All this unfolds in the first episode. From there, the plot expands in increasingly wild directions. Without venturing into spoiler territory, the story pulls in a crowded ensemble of players: the Brazilian president and his head of security, a domestic terror group, the CIA and various gang factions in the favelas of Rio de Janeiro.
What begins as a revenge story quickly shapeshifts into a political thriller and at one point even veers into heist territory.
Mateen’s performance exists within a story that has a long and varied history.
Like many people, my first introduction to Man on Fire was the 2004 film directed by Ridley Scott and starring Denzel Washington alongside Dakota Fanning and Christopher Walken. The plot there was simple: a burnt-out former CIA agent is hired to protect a girl in Mexico City, only to embark on a brutal revenge spree after she’s kidnapped.
“Forgiveness is between them and God,” Creasy says to a Catholic priest in one memorable scene. “It’s my job to arrange the meeting.”
That version delivered the visceral thrills you’d expect but it also had a surprising emotional weight. Scott’s direction, combined with Washington’s deeply committed performance, gave the story a soulfulness that elevated it beyond standard revenge fare.
We were placed firmly inside Creasy’s fractured psyche, with bold editing and music choices that blurred the line between memory and reality. It’s also worth noting that the film was the second adaptation of AJ Quinnell’s 1980 novel, following an earlier 1987 version starring Scott Glenn.
Each iteration has shifted the setting — Italy, Mexico and now Brazil — and adjusted key elements of the story. Here, Poe is older and instead of being kidnapped, she survives a bombing that wipes out her entire family.
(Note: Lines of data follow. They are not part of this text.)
section \<open>Runs of components with history clocks\<close>

lemma hist_simps [simp]:
  "clks (hist B) = Cl ` clks B \<union> {H0} \<union> Hact ` acts B"
  "init_loc (hist B) = init_loc B"
  "init_cc (hist B) = map_atom Cl ` init_cc B \<union> {Atom H0 REq 0} \<union> {Atom (Hact a) RGt 0 | a. a \<in> acts B}"
  by (simp_all add: hist_def)

lemma hist_edge:
  "e \<in> edges B \<Longrightarrow>
     (src e, lab e, map_atom Cl ` grd e, Cl ` rst e \<union> {Hact (lab e)}, tgt e) \<in> edges (hist B)"
  by (cases e) (auto simp: hist_def src_def lab_def grd_def rst_def tgt_def)

lemma wf_ta_tpc_clks: "wf_ta B \<Longrightarrow> fst ` tpc B l \<subseteq> clks B"
  unfolding wf_ta_def by blast

lemma wf_ta_edge:
  assumes "wf_ta B" and "e \<in> edges B"
  shows "lab e \<in> acts B" and "cc_clks (grd e) \<subseteq> clks B" and "rst e \<subseteq> clks B"
  using assms unfolding wf_ta_def by auto

lemma sat_map_atom: "sat u (map_atom f ` g) \<longleftrightarrow> sat (\<lambda>x. u (f x)) g"
proof -
  have "sat_atom u (map_atom f t) = sat_atom (\<lambda>x. u (f x)) t" for t
    by (cases t) auto
  then show ?thesis
    unfolding sat_def by simp
qed

lemma sat_cong:
  assumes "\<forall>x\<in>cc_clks g. u x = v x"
  shows "sat u g \<longleftrightarrow> sat v g"
proof -
  have "sat_atom u t = sat_atom v t" if "\<forall>x\<in>atom_clks t. u x = v x" for t
    using that by (cases t) auto
  then show ?thesis
    using assms unfolding sat_def cc_clks_def by blast
qed

lemma sat_tpc_cong: "\<forall>x\<in>fst ` tpc B l. u x = v x \<Longrightarrow> sat_tpc B l u \<longleftrightarrow> sat_tpc B l v"
  unfolding sat_tpc_def by force

lemma sat_tpc_hist: "sat_tpc (hist B) l u \<longleftrightarrow> sat_tpc B l (\<lambda>x. u (Cl x))"
  unfolding sat_tpc_def hist_def by auto

lemma reset_agree:
  assumes "\<forall>c\<in>C. u c = w c" and "r \<inter> C = r' \<inter> C"
  shows "\<forall>c\<in>C. reset r u c = reset r' w c"
proof
  fix c assume "c \<in> C"
  moreover from this have "c \<in> r \<longleftrightarrow> c \<in> r'"
    using assms(2) by blast
  ultimately show "reset r u c = reset r' w c"
    using assms(1) by (simp add: reset_def)
qed

lemma reach_hist_init:
  assumes "sat (\<lambda>x. w (Cl x)) (init_cc B)" and "\<forall>c. 0 \<le> w c"
    and "w H0 = 0" and "\<forall>a. 0 < w (Hact a)"
  shows "reach (hist B) (init_loc B) w"
proof -
  have "sat w (init_cc (hist B))"
    using assms(1,3,4) sat_map_atom[of w Cl "init_cc B"] unfolding sat_def by auto
  then show ?thesis
    using reach.init[where B="hist B"] assms(2) by simp
qed

lemma reach_hist_delay:
  assumes "wf_ta B" and "reach (hist B) l u" and "\<forall>x\<in>clks B. u (Cl x) = v x"
    and "0 \<le> d" and "\<forall>t. 0 \<le> t \<and> t \<le> d \<longrightarrow> sat_tpc B l (delay v t)"
  shows "reach (hist B) l (delay u d)"
proof (rule reach.time[OF assms(2,4)], intro allI impI)
  fix t assume "0 \<le> t \<and> t \<le> d"
  then have "sat_tpc B l (delay v t)"
    using assms(5) by blast
  moreover have "\<forall>x\<in>fst ` tpc B l. delay u t (Cl x) = delay v t x"
    using assms(3) wf_ta_tpc_clks[OF assms(1)] unfolding delay_def by auto
  ultimately show "sat_tpc (hist B) l (delay u t)"
    unfolding sat_tpc_hist using sat_tpc_cong[of B l "\<lambda>x. delay u t (Cl x)" "delay v t"] by simp
qed

lemma reach_hist_edge:
  assumes "wf_ta B" and "e \<in> edges B" and "reach (hist B) (src e) u"
    and "\<forall>x\<in>clks B. u (Cl x) = v x" and "sat v (grd e)"
    and "sat_tpc B (tgt e) v'" and "\<forall>x\<in>clks B. v' x = reset (rst e) v x"
  shows "reach (hist B) (tgt e) (reset (Cl ` rst e \<union> {Hact (lab e)}) u)"
proof (rule reach.disc[OF assms(3) hist_edge[OF assms(2)]])
  have "\<forall>x\<in>cc_clks (grd e). u (Cl x) = v x"
    using assms(4) wf_ta_edge(2)[OF assms(1,2)] by blast
  then show "sat u (map_atom Cl ` grd e)"
    unfolding sat_map_atom using assms(5) sat_cong[of "grd e" "\<lambda>x. u (Cl x)" v] by simp
  have "\<forall>x\<in>fst ` tpc B (tgt e). reset (Cl ` rst e \<union> {Hact (lab e)}) u (Cl x) = v' x"
  proof
    fix x assume "x \<in> fst ` tpc B (tgt e)"
    then have "x \<in> clks B"
      using wf_ta_tpc_clks[OF assms(1)] by blast
    then show "reset (Cl ` rst e \<union> {Hact (lab e)}) u (Cl x) = v' x"
      using assms(4,7) by (auto simp: reset_def)
  qed
  then show "sat_tpc (hist B) (tgt e) (reset (Cl ` rst e \<union> {Hact (lab e)}) u)"
    unfolding sat_tpc_hist using assms(6)
      sat_tpc_cong[of B "tgt e" "\<lambda>x. reset (Cl ` rst e \<union> {Hact (lab e)}) u (Cl x)" v']
    by simp
qed

section \<open>Runs of the composed system\<close>

lemma sys_simps [simp]:
  "init_loc (sys Bs \<gamma>) = map init_loc Bs"
  "init_cc (sys Bs \<gamma>) = (\<Union>i<length Bs. init_cc (Bs ! i))"
  by (simp_all add: sys_def)

lemma sat_tpc_sys: "sat_tpc (sys Bs \<gamma>) ls v \<longleftrightarrow> (\<forall>i<length Bs. sat_tpc (Bs ! i) (ls ! i) v)"
  unfolding sat_tpc_def sys_def by auto

lemma sys_edgeE:
  assumes "(l, \<alpha>, g, r, l') \<in> edges (sys Bs \<gamma>)"
  obtains es where "\<alpha> \<in> \<gamma>"
    and "\<forall>i\<in>participants Bs \<alpha>. es i \<in> edges (Bs ! i) \<and> src (es i) = l ! i \<and> lab (es i) \<in> \<alpha>"
    and "g = (\<Union>i\<in>participants Bs \<alpha>. grd (es i))" and "r = (\<Union>i\<in>participants Bs \<alpha>. rst (es i))"
    and "\<forall>i<length Bs. l' ! i = (if i \<in> participants Bs \<alpha> then tgt (es i) else l ! i)"
  using assms unfolding sys_def by auto

lemma participants_iff: "i \<in> participants Bs \<alpha> \<longleftrightarrow> i < length Bs \<and> \<alpha> \<inter> acts (Bs ! i) \<noteq> {}"
  by (simp add: participants_def)

lemma II_init: "II Bs \<gamma> (map init_loc Bs)"
  unfolding II_def init_marked_def
proof (intro allI impI)
  fix S assume "trap Bs \<gamma> S \<and> (\<exists>i<length Bs. (i, init_loc (Bs ! i)) \<in> S)"
  then obtain i where "i < length Bs" "(i, init_loc (Bs ! i)) \<in> S"
    by blast
  then show "\<exists>(i, l)\<in>S. map init_loc Bs ! i = l"
    by (intro bexI[of _ "(i, init_loc (Bs ! i))"]) auto
qed

lemma II_step:
  assumes "II Bs \<gamma> l" and edge: "(l, \<alpha>, g, r, l') \<in> edges (sys Bs \<gamma>)"
  shows "II Bs \<gamma> l'"
  unfolding II_def
proof (intro allI impI)
  fix S assume S: "trap Bs \<gamma> S \<and> init_marked Bs S"
  obtain es where "\<alpha> \<in> \<gamma>"
    and es: "\<forall>i\<in>participants Bs \<alpha>. es i \<in> edges (Bs ! i) \<and> src (es i) = l ! i \<and> lab (es i) \<in> \<alpha>"
    and l': "\<forall>i<length Bs. l' ! i = (if i \<in> participants Bs \<alpha> then tgt (es i) else l ! i)"
    using edge by (rule sys_edgeE)
  define pre where "pre = {(i, src (es i)) | i. i \<in> participants Bs \<alpha>}"
  define post where "post = {(i, tgt (es i)) | i. i \<in> participants Bs \<alpha>}"
  have "(pre, post) \<in> pn_trans Bs \<gamma>"
    unfolding pn_trans_def pre_def post_def using \<open>\<alpha> \<in> \<gamma>\<close> es by blast
  obtain i where i: "(i, l ! i) \<in> S"
    using assms(1) S unfolding II_def by blast
  then have "i < length Bs"
    using S unfolding trap_def pn_places_def by blast
  show "\<exists>(i, l)\<in>S. l' ! i = l"
  proof (cases "i \<in> participants Bs \<alpha>")
    case True
    then have "pre \<inter> S \<noteq> {}"
      using es i unfolding pre_def by force
    then have "post \<inter> S \<noteq> {}"
      using \<open>(pre, post) \<in> pn_trans Bs \<gamma>\<close> S unfolding trap_def by blast
    then show ?thesis
      using l' unfolding post_def participants_iff by force
  next
    case False
    then show ?thesis
      using i l' \<open>i < length Bs\<close> by force
  qed
qed

lemma II_invariant: "reach (sys Bs \<gamma>) ls v \<Longrightarrow> II Bs \<gamma> ls"
  by (induction rule: reach.induct) (auto intro: II_init II_step)

lemma mem_UN_disjoint_family:
  assumes "\<And>j. j \<in> P \<Longrightarrow> A j \<subseteq> C j" and "\<And>j. j \<in> P \<Longrightarrow> j \<noteq> i \<Longrightarrow> C i \<inter> C j = {}"
    and "x \<in> C i"
  shows "x \<in> (\<Union>j\<in>P. A j) \<longleftrightarrow> i \<in> P \<and> x \<in> A i"
  using assms by blast

definition comps_reachable :: "('l, 'a, 'x) ta list \<Rightarrow> 'l list \<Rightarrow> ('x, 'a) hclk val \<Rightarrow> bool" where
  "comps_reachable Bs ls w \<longleftrightarrow>
     (\<forall>i<length Bs. \<exists>u. reach (hist (Bs ! i)) (ls ! i) u \<and> (\<forall>c\<in>clks (hist (Bs ! i)). u c = w c))"

lemma comps_reachable_init:
  assumes "sat (\<lambda>x. w (Cl x)) (\<Union>i<length Bs. init_cc (Bs ! i))" and "\<forall>c. 0 \<le> w c"
    and "w H0 = 0" and "\<forall>a. 0 < w (Hact a)"
  shows "comps_reachable Bs (map init_loc Bs) w"
  unfolding comps_reachable_def
proof (intro allI impI exI conjI)
  fix i assume "i < length Bs"
  then have "sat (\<lambda>x. w (Cl x)) (init_cc (Bs ! i))"
    using assms(1) unfolding sat_def by blast
  then show "reach (hist (Bs ! i)) (map init_loc Bs ! i) w"
    using reach_hist_init assms(2-4) \<open>i < length Bs\<close> by simp
qed simp

lemma comps_reachable_delay:
  assumes wf: "\<forall>i<length Bs. wf_ta (Bs ! i)" and "comps_reachable Bs ls w" and "0 \<le> d"
    and "\<forall>t. 0 \<le> t \<and> t \<le> d \<longrightarrow> sat_tpc (sys Bs \<gamma>) ls (delay (\<lambda>x. w (Cl x)) t)"
  shows "comps_reachable Bs ls (delay w d)"
  unfolding comps_reachable_def
proof (intro allI impI)
  fix i assume i: "i < length Bs"
  then obtain u where u: "reach (hist (Bs ! i)) (ls ! i) u" and agree: "\<forall>c\<in>clks (hist (Bs ! i)). u c = w c"
    using assms(2) unfolding comps_reachable_def by blast
  have agree_Cl: "\<forall>x\<in>clks (Bs ! i). u (Cl x) = w (Cl x)"
    using agree by simp
  have "\<forall>t. 0 \<le> t \<and> t \<le> d \<longrightarrow> sat_tpc (Bs ! i) (ls ! i) (delay (\<lambda>x. w (Cl x)) t)"
    using assms(4) i by (simp add: sat_tpc_sys)
  then have "reach (hist (Bs ! i)) (ls ! i) (delay u d)"
    using wf i by (intro reach_hist_delay[OF _ u agree_Cl assms(3)]) auto
  moreover have "\<forall>c\<in>clks (hist (Bs ! i)). delay u d c = delay w d c"
    using agree by (simp add: delay_def)
  ultimately show "\<exists>u. reach (hist (Bs ! i)) (ls ! i) u \<and> (\<forall>c\<in>clks (hist (Bs ! i)). u c = delay w d c)"
    by blast
qed

lemma sys_edge_clock_reset_local:
  assumes wf: "\<forall>i<length Bs. wf_ta (Bs ! i)"
    and disj: "\<forall>i<length Bs. \<forall>j<length Bs. i \<noteq> j \<longrightarrow> clks (Bs ! i) \<inter> clks (Bs ! j) = {}"
    and es: "\<forall>j\<in>participants Bs \<alpha>. es j \<in> edges (Bs ! j)"
    and "i < length Bs" and "x \<in> clks (Bs ! i)"
  shows "x \<in> (\<Union>j\<in>participants Bs \<alpha>. rst (es j)) \<longleftrightarrow> i \<in> participants Bs \<alpha> \<and> x \<in> rst (es i)"
proof (rule mem_UN_disjoint_family[where C="\<lambda>j. clks (Bs ! j)"])
  show "rst (es j) \<subseteq> clks (Bs ! j)" if "j \<in> participants Bs \<alpha>" for j
  proof (rule wf_ta_edge(3))
    show "wf_ta (Bs ! j)"
      using wf that unfolding participants_iff by blast
  qed (use es that in blast)
  show "clks (Bs ! i) \<inter> clks (Bs ! j) = {}" if "j \<in> participants Bs \<alpha>" "j \<noteq> i" for j
    using disj assms(4) that unfolding participants_iff by blast
qed (rule assms(5))

lemma interaction_action_local:
  assumes wf: "\<forall>i<length Bs. wf_ta (Bs ! i)" and "is_interaction Bs \<alpha>"
    and es: "\<forall>j\<in>participants Bs \<alpha>. es j \<in> edges (Bs ! j) \<and> lab (es j) \<in> \<alpha>"
    and "i < length Bs" and "b \<in> acts (Bs ! i)"
  shows "b \<in> \<alpha> \<longleftrightarrow> i \<in> participants Bs \<alpha> \<and> b = lab (es i)"
proof (cases "i \<in> participants Bs \<alpha>")
  case True
  then have "lab (es i) \<in> \<alpha> \<inter> acts (Bs ! i)"
    using es wf assms(4) wf_ta_edge(1)[of "Bs ! i" "es i"] by auto
  then show ?thesis
    using True assms(2,4,5) unfolding is_interaction_def by blast
next
  case False
  then show ?thesis
    using assms(4,5) unfolding participants_iff by blast
qed

lemma sys_edge_hist_resets_local:
  assumes wf: "\<forall>i<length Bs. wf_ta (Bs ! i)"
    and disj: "\<forall>i<length Bs. \<forall>j<length Bs. i \<noteq> j \<longrightarrow> clks (Bs ! i) \<inter> clks (Bs ! j) = {}"
    and "is_interaction Bs \<alpha>"
    and es: "\<forall>j\<in>participants Bs \<alpha>. es j \<in> edges (Bs ! j) \<and> lab (es j) \<in> \<alpha>"
    and i: "i < length Bs"
  shows "(Cl ` (\<Union>j\<in>participants Bs \<alpha>. rst (es j)) \<union> Hact ` \<alpha>) \<inter> clks (hist (Bs ! i))
    = (if i \<in> participants Bs \<alpha> then Cl ` rst (es i) \<union> {Hact (lab (es i))} else {}) \<inter> clks (hist (Bs ! i))"
proof -
  have clk: "x \<in> (\<Union>j\<in>participants Bs \<alpha>. rst (es j)) \<longleftrightarrow> i \<in> participants Bs \<alpha> \<and> x \<in> rst (es i)"
    if "x \<in> clks (Bs ! i)" for x
    using sys_edge_clock_reset_local[OF wf disj _ i that] es by blast
  have act: "b \<in> \<alpha> \<longleftrightarrow> i \<in> participants Bs \<alpha> \<and> b = lab (es i)" if "b \<in> acts (Bs ! i)" for b
    using interaction_action_local[OF wf assms(3) es i that] .
  have "rst (es i) \<subseteq> clks (Bs ! i)" and "lab (es i) \<in> acts (Bs ! i)" if "i \<in> participants Bs \<alpha>"
    using wf_ta_edge[of "Bs ! i" "es i"] wf es i that by auto
  then show ?thesis
    using clk act by auto
qed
Beyond that, the Netflix series feels almost like a different property altogether, more interested in political intrigue and sprawling conspiracy than in the focused emotional drive of vengeance. Across seven episodes, Creasy and Poe’s search for answers leads them through a tangled web of competing interests and shadowy figures.

Is this latest version any good? I have to be honest: overall, I didn’t like it. It’s predictable, riddled with clichés and stretches a story that could have been told in four tight episodes instead of seven meandering ones.
The most disappointing aspect is how thoroughly Mateen’s natural charisma, so present in Wonder Man, is buried under layers of stoicism and trauma.
The series shows little interest in giving us meaningful access to Creasy’s interior life or in developing the emotional core of the story: his relationship with Poe.
Large stretches separate the two characters entirely, making their arcs feel like parallel tracks rather than a shared journey. Even when they do reunite, often alongside a rotating cast of misfits, the show never finds its footing. It drifts, unsure of what story it wants to tell or which tone it wants to commit to.
The lack of focus might have been forgivable if the action sequences carried more weight but even those feel surprisingly pedestrian.
For a series built on violence, vengeance and high-stakes tension, the choreography and execution rarely rise above the level of routine TV spectacle.
In trying to reinvent Man on Fire as a sprawling political thriller, this adaptation loses sight of what made the story compelling in the first place: intimacy, emotional clarity and a singular sense of purpose.
There are flashes of a better show buried within, mostly in the casting of Mateen but they’re never fully realised.
Instead, what we’re left with is a series that feels overextended, undercooked and forgettable.